> **Work to complete**
Go to the line containing "fixes x :: real" in the records below and print it and every following line exactly, on through the line containing "then show ?thesis using assms", then stop.

[Dataset entries]
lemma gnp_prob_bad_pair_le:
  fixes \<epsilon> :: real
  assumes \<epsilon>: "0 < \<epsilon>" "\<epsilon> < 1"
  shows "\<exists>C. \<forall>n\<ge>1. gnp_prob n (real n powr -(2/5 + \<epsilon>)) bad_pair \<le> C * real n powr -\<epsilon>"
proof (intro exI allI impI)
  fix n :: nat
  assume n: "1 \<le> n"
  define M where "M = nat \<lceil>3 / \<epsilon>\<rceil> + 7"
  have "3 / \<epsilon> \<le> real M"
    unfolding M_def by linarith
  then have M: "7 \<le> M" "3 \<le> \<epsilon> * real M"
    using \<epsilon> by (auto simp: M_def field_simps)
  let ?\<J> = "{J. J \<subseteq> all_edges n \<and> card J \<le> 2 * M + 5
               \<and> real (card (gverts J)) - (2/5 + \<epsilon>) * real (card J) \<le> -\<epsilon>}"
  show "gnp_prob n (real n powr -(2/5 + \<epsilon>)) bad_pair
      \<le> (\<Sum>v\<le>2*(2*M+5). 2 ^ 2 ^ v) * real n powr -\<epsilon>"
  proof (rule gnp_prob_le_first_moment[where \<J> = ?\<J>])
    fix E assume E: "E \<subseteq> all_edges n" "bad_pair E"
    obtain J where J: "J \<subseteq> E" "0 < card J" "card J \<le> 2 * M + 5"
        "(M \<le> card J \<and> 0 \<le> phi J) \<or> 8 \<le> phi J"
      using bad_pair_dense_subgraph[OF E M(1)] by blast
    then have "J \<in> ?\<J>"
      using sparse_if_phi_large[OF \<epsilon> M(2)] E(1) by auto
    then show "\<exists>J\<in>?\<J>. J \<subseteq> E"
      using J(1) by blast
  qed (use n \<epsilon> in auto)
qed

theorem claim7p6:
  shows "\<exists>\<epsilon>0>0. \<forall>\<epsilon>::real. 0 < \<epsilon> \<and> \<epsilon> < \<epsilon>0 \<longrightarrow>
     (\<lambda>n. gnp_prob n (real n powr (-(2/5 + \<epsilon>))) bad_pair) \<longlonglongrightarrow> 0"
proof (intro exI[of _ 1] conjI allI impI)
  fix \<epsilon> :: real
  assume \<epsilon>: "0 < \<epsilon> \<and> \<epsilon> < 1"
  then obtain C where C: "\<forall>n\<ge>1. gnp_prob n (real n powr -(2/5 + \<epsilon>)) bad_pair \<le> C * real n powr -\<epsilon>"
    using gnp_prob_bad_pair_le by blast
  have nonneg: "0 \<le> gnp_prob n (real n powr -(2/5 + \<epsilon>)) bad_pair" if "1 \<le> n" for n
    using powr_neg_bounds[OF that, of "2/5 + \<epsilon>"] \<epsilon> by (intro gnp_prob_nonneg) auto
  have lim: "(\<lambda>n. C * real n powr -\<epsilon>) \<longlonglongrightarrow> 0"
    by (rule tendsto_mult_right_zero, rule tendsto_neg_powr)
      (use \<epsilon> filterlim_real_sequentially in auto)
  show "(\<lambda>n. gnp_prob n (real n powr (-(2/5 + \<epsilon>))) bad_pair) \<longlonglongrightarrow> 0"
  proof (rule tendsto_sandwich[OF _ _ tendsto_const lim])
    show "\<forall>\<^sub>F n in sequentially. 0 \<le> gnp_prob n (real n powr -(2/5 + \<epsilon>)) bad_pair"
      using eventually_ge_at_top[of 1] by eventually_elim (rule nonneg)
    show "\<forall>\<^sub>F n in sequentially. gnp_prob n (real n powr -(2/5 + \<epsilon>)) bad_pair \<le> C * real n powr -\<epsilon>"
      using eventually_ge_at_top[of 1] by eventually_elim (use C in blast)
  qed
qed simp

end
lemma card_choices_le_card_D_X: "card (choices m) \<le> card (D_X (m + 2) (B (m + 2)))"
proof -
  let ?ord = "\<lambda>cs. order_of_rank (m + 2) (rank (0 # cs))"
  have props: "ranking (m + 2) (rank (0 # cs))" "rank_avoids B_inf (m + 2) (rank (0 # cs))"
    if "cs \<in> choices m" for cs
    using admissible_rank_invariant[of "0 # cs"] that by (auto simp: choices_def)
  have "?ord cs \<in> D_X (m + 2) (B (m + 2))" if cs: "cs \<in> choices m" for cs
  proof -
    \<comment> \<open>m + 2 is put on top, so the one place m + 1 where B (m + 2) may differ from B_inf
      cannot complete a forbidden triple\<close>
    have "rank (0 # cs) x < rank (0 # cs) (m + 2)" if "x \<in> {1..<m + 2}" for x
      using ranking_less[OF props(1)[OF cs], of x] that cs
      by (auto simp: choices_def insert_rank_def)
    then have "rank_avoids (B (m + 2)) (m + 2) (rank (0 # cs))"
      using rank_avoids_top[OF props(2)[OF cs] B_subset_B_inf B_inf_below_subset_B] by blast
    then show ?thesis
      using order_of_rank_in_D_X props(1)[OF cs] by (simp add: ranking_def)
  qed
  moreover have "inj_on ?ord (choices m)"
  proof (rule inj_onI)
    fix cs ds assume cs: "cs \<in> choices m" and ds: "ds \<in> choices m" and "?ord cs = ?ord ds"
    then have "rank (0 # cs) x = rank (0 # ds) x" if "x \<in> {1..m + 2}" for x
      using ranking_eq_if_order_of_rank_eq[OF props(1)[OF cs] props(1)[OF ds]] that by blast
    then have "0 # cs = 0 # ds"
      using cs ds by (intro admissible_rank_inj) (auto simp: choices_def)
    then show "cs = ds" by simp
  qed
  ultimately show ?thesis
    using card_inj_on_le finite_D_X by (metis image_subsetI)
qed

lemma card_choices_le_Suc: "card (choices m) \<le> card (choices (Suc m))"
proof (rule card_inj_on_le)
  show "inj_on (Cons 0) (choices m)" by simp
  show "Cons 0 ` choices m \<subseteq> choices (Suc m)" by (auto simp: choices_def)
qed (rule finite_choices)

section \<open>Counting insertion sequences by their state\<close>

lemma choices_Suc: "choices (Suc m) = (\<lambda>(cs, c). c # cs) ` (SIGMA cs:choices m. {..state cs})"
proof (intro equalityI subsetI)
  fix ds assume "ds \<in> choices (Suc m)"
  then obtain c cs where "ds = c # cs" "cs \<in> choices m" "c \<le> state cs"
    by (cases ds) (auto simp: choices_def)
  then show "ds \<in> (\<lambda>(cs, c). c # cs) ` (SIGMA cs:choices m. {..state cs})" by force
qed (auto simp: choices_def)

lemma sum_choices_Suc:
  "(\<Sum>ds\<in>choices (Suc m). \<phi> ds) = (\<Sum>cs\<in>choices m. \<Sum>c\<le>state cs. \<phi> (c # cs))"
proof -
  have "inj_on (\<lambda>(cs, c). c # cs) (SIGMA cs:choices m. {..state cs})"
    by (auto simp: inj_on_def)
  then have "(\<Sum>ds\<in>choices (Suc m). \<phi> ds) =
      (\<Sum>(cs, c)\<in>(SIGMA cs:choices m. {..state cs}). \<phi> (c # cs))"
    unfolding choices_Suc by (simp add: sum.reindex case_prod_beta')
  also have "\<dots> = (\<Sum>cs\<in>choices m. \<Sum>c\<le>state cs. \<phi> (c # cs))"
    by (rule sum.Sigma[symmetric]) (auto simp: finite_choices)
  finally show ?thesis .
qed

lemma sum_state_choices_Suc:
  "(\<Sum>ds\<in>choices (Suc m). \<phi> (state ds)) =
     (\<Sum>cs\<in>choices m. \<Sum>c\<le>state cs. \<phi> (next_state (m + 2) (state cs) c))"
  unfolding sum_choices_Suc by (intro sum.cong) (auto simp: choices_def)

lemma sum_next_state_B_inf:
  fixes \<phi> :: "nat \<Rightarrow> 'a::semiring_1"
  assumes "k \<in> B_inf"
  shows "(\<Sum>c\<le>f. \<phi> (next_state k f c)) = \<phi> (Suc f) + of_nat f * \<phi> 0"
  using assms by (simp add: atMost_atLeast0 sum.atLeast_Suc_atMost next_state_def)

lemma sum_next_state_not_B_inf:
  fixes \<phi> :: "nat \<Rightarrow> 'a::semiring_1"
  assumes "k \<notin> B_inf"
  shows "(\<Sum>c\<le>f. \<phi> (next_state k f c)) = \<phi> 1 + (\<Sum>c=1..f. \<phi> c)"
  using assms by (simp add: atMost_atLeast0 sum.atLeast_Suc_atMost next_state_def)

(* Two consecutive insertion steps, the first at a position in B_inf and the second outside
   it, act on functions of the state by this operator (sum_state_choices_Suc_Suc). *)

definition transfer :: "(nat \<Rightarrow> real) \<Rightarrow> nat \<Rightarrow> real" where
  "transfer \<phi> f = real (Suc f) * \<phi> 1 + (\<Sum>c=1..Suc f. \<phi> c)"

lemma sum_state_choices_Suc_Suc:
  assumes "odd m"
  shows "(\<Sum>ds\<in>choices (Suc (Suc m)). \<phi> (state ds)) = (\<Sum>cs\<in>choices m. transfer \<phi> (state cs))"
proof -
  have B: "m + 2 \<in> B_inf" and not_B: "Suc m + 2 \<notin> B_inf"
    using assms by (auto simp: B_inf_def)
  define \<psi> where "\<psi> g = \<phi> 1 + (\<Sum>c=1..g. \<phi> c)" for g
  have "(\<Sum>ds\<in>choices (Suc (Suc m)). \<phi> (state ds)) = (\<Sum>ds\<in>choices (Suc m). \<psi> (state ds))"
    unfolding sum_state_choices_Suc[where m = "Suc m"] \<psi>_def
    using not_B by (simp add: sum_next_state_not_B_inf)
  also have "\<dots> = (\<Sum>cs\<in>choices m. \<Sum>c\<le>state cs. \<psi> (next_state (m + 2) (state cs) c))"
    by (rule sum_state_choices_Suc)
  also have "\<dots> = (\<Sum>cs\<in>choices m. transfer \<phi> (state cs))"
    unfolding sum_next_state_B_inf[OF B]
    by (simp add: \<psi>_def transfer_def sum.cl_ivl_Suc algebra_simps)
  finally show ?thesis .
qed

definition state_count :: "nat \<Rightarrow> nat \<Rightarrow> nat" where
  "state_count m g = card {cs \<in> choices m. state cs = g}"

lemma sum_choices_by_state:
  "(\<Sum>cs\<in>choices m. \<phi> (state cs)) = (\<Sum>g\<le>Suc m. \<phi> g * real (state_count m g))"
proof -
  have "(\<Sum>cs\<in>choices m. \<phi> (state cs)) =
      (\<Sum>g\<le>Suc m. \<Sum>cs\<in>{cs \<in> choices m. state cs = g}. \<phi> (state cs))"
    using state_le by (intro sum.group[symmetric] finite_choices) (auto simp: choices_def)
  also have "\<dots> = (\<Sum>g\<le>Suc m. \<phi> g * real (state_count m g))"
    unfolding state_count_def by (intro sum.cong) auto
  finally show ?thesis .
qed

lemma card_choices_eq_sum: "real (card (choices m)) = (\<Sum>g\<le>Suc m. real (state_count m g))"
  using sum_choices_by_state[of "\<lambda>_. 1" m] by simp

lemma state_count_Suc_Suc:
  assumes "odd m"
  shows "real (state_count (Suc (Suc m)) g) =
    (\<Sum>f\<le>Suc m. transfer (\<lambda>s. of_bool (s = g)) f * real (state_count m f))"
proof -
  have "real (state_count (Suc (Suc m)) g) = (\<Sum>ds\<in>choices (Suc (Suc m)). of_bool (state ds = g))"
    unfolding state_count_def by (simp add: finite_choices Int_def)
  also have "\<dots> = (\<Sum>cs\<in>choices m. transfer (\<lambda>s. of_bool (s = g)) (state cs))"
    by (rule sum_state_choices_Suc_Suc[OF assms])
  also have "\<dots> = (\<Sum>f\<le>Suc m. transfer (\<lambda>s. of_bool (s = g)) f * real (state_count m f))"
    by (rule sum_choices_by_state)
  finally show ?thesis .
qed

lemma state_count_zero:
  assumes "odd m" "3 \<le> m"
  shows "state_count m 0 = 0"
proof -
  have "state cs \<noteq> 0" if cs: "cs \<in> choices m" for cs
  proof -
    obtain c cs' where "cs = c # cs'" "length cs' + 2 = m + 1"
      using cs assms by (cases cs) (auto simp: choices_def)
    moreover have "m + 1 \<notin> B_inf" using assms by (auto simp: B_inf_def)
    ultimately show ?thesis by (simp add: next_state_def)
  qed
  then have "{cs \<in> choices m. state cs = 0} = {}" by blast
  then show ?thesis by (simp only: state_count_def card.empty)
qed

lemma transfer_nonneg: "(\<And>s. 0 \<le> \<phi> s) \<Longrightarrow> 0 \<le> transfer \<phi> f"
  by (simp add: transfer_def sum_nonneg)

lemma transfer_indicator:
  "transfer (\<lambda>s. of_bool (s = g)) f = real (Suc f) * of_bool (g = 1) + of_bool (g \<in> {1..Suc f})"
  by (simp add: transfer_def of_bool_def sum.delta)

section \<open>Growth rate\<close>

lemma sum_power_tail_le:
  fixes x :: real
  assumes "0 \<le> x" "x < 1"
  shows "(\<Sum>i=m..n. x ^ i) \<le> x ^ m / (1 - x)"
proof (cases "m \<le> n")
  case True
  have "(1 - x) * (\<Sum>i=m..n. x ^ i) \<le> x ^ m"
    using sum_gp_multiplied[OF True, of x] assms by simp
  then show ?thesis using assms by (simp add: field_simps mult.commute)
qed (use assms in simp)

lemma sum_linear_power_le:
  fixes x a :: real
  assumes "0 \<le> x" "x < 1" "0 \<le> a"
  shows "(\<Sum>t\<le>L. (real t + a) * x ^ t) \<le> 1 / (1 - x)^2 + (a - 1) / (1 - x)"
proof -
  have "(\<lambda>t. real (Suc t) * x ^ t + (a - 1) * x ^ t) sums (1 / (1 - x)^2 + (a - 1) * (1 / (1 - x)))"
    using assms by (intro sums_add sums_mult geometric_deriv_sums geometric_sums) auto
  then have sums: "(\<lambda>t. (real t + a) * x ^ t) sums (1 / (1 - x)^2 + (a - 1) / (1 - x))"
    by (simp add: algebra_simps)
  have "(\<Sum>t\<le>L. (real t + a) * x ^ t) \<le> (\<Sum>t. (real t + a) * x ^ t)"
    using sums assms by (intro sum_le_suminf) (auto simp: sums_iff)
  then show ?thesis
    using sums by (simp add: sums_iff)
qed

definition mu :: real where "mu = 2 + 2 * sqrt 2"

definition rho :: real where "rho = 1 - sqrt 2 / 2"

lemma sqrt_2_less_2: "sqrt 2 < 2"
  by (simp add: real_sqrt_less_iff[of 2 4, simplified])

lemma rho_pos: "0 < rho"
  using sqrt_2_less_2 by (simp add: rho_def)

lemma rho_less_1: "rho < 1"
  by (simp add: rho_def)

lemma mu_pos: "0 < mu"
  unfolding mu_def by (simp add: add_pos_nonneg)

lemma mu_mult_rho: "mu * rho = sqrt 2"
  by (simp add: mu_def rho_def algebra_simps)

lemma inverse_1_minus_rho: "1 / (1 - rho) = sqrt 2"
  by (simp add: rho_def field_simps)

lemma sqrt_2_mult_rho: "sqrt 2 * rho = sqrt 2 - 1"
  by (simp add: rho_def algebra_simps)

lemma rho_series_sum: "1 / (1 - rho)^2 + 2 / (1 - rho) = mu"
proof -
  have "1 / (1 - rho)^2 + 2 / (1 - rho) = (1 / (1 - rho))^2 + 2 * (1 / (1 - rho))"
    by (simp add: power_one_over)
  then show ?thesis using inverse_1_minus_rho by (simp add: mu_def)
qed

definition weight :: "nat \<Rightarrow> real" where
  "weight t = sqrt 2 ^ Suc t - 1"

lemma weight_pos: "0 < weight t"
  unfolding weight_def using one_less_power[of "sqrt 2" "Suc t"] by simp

> **Output for this task**
  fixes x :: real
  assumes "0 \<le> x" "x < 1"
  shows "(\<Sum>i=m..n. x ^ i) \<le> x ^ m / (1 - x)"
proof (cases "m \<le> n")
  case True
  have "(1 - x) * (\<Sum>i=m..n. x ^ i) \<le> x ^ m"
    using sum_gp_multiplied[OF True, of x] assms by simp
  then show ?thesis using assms by (simp add: field_simps mult.commute)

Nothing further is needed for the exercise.